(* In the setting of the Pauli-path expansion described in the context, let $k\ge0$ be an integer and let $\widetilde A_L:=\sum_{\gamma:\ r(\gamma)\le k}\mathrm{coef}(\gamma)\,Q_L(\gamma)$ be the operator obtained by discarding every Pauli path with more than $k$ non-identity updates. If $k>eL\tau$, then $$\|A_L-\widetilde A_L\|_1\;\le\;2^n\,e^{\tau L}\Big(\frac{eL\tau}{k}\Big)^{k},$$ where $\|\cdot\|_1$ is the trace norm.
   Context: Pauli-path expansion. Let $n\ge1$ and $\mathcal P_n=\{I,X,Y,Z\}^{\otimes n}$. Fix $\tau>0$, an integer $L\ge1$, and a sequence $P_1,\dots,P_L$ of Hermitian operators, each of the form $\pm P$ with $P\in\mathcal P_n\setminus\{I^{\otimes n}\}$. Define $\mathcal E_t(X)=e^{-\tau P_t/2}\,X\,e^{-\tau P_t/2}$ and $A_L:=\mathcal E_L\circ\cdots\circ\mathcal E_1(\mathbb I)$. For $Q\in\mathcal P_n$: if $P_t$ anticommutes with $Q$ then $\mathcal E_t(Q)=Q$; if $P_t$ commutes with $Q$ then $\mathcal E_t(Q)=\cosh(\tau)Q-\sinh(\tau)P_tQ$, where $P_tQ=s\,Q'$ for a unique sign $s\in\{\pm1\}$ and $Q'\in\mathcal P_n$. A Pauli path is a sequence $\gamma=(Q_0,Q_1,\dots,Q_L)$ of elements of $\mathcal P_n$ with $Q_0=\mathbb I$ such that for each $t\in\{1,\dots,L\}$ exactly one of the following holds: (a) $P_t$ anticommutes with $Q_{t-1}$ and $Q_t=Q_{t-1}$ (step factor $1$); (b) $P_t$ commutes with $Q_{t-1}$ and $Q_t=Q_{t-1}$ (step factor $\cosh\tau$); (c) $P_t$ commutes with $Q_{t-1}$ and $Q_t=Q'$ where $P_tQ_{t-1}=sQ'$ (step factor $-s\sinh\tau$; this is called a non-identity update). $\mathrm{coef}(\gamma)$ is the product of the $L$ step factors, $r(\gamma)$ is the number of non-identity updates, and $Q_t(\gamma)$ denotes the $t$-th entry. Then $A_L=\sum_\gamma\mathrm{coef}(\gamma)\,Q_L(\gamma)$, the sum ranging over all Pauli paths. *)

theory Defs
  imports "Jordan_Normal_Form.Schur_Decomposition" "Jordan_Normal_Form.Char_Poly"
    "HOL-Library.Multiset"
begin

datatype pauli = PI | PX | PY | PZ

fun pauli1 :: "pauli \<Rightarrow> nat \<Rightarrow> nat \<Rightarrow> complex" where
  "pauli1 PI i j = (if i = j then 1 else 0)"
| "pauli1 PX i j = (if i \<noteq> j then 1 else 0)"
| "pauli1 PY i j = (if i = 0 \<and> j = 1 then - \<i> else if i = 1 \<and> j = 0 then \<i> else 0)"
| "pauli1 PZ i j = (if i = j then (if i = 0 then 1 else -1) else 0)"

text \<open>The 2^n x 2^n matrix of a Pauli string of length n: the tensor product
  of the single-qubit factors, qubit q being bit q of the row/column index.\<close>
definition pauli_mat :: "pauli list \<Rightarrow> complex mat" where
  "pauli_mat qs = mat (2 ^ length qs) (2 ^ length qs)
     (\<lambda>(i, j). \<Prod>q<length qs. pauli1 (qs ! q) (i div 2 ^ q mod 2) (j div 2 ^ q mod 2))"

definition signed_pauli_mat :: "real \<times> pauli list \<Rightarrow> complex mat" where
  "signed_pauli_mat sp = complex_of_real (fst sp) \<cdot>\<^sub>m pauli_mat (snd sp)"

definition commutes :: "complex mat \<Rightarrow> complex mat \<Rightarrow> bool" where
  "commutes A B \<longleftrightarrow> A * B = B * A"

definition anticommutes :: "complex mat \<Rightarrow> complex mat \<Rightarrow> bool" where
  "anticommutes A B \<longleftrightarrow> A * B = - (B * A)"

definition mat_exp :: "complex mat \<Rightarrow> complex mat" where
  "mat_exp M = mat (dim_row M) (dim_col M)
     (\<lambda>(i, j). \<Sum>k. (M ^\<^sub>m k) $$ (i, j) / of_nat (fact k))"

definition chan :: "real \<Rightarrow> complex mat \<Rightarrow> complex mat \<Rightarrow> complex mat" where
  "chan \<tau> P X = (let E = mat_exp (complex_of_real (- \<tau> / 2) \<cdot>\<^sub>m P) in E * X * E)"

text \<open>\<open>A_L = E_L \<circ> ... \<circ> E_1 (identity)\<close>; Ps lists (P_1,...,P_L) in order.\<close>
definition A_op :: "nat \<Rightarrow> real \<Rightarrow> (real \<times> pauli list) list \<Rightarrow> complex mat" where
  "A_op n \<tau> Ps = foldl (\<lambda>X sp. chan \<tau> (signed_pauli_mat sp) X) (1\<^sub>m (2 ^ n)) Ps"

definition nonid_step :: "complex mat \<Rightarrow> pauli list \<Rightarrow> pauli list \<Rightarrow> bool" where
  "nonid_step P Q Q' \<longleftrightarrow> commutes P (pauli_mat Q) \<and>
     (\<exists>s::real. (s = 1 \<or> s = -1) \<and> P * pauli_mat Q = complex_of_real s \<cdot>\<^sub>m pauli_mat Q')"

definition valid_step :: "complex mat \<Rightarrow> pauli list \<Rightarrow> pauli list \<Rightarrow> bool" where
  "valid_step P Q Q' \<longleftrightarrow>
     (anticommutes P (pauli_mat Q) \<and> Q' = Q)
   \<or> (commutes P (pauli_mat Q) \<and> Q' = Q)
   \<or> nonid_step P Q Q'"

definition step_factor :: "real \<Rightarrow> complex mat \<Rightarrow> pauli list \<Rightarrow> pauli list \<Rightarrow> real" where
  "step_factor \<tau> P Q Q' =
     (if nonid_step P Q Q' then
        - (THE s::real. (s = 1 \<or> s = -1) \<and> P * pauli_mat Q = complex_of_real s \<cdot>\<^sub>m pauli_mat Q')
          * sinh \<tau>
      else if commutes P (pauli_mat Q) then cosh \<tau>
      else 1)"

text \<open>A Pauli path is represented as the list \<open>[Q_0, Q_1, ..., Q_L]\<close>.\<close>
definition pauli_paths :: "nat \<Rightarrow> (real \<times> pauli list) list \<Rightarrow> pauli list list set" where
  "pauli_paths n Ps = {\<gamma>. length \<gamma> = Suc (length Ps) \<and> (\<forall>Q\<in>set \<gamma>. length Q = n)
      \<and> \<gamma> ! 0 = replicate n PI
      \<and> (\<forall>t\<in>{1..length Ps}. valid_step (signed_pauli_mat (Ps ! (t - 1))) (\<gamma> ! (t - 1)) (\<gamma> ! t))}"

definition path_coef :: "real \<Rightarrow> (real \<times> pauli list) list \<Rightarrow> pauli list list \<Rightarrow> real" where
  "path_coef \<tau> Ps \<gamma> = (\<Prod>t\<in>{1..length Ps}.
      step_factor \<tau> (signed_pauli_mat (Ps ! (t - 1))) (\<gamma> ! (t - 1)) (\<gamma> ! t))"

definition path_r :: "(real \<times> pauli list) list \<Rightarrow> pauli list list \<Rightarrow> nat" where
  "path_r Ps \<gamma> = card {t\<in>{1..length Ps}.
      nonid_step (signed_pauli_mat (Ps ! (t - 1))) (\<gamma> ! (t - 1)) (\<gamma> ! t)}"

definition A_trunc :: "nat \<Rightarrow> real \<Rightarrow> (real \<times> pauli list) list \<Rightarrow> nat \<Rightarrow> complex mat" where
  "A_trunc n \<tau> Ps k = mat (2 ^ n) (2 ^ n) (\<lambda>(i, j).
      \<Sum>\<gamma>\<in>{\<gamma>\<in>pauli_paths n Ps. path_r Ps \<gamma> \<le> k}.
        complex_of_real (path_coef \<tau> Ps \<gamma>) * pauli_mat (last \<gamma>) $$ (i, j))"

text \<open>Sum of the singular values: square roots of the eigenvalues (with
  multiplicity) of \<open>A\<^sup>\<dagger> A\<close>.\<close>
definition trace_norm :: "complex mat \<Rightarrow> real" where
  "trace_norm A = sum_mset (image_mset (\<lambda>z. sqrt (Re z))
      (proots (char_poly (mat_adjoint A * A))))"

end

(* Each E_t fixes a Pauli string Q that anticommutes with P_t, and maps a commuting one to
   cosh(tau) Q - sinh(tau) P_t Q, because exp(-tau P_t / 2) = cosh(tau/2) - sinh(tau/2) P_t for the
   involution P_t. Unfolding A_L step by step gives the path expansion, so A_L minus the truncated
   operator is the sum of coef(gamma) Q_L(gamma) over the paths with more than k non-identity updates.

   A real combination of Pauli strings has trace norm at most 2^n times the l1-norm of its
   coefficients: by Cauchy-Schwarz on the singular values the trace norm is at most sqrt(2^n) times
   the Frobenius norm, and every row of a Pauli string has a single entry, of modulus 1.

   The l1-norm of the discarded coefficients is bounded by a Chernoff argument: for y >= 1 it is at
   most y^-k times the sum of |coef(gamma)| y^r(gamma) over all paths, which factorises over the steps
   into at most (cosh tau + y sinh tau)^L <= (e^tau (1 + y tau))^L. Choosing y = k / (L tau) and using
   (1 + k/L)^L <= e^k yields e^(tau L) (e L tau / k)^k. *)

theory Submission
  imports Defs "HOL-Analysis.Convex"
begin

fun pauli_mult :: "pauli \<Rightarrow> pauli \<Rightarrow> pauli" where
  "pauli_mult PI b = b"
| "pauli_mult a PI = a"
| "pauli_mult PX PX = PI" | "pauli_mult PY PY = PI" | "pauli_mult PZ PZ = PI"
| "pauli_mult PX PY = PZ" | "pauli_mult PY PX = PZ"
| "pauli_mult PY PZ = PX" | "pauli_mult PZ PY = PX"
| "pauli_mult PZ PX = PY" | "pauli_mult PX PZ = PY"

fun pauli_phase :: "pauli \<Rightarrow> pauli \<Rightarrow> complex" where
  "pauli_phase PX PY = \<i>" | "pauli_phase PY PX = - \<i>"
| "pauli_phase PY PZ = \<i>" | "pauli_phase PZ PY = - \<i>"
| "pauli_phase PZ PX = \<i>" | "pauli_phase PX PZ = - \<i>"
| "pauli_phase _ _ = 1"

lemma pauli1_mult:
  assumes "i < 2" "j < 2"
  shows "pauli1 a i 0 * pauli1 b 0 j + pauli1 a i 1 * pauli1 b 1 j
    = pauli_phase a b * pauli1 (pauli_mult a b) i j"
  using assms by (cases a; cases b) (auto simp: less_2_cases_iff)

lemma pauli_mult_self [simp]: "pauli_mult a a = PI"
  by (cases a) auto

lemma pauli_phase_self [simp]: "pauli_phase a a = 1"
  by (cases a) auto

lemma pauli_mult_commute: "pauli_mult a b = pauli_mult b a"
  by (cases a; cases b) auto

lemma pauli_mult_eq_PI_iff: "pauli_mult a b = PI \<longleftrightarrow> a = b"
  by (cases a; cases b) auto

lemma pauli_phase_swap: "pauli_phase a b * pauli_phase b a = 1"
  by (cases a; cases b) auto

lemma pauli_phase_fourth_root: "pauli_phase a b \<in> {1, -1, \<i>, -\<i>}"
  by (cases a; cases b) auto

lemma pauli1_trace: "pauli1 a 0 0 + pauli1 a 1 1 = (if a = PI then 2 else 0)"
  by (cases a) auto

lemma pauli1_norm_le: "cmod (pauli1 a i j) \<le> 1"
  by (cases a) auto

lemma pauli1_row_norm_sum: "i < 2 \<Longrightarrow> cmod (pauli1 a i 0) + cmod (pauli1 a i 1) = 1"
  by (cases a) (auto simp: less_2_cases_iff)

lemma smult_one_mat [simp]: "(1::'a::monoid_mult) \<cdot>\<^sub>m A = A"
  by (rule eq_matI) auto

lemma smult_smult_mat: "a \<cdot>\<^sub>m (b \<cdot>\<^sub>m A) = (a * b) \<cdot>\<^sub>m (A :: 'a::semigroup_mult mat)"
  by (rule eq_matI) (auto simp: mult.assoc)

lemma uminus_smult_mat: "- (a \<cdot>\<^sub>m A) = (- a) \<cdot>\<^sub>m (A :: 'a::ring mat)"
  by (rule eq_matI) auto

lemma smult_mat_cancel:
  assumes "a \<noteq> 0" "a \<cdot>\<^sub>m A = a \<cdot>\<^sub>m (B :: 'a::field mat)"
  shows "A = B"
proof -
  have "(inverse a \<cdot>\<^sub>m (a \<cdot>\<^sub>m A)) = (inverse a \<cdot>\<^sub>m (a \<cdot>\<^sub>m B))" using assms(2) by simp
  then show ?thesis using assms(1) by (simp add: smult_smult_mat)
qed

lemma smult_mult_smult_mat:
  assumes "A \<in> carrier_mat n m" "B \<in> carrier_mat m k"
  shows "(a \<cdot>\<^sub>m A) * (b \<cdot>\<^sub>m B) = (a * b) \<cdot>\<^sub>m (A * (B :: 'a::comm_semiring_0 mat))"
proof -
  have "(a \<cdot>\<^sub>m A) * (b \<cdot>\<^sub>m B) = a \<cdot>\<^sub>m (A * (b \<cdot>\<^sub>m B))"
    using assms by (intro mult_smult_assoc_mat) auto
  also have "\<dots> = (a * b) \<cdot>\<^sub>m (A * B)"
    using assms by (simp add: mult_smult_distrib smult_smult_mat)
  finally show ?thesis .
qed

::::::::

WORK ITEM:
From the data above, output only the lines between the line containing "text \<open>\<open>A_L = E_L" and the line containing "foldl (\<lambda>X sp.", inclusive, exactly as written.

RESPONSE TO THE EXERCISE:
text \<open>\<open>A_L = E_L \<circ> ... \<circ> E_1 (identity)\<close>; Ps lists (P_1,...,P_L) in order.\<close>
definition A_op :: "nat \<Rightarrow> real \<Rightarrow> (real \<times> pauli list) list \<Rightarrow> complex mat" where
  "A_op n \<tau> Ps = foldl (\<lambda>X sp. chan \<tau> (signed_pauli_mat sp) X) (1\<^sub>m (2 ^ n)) Ps"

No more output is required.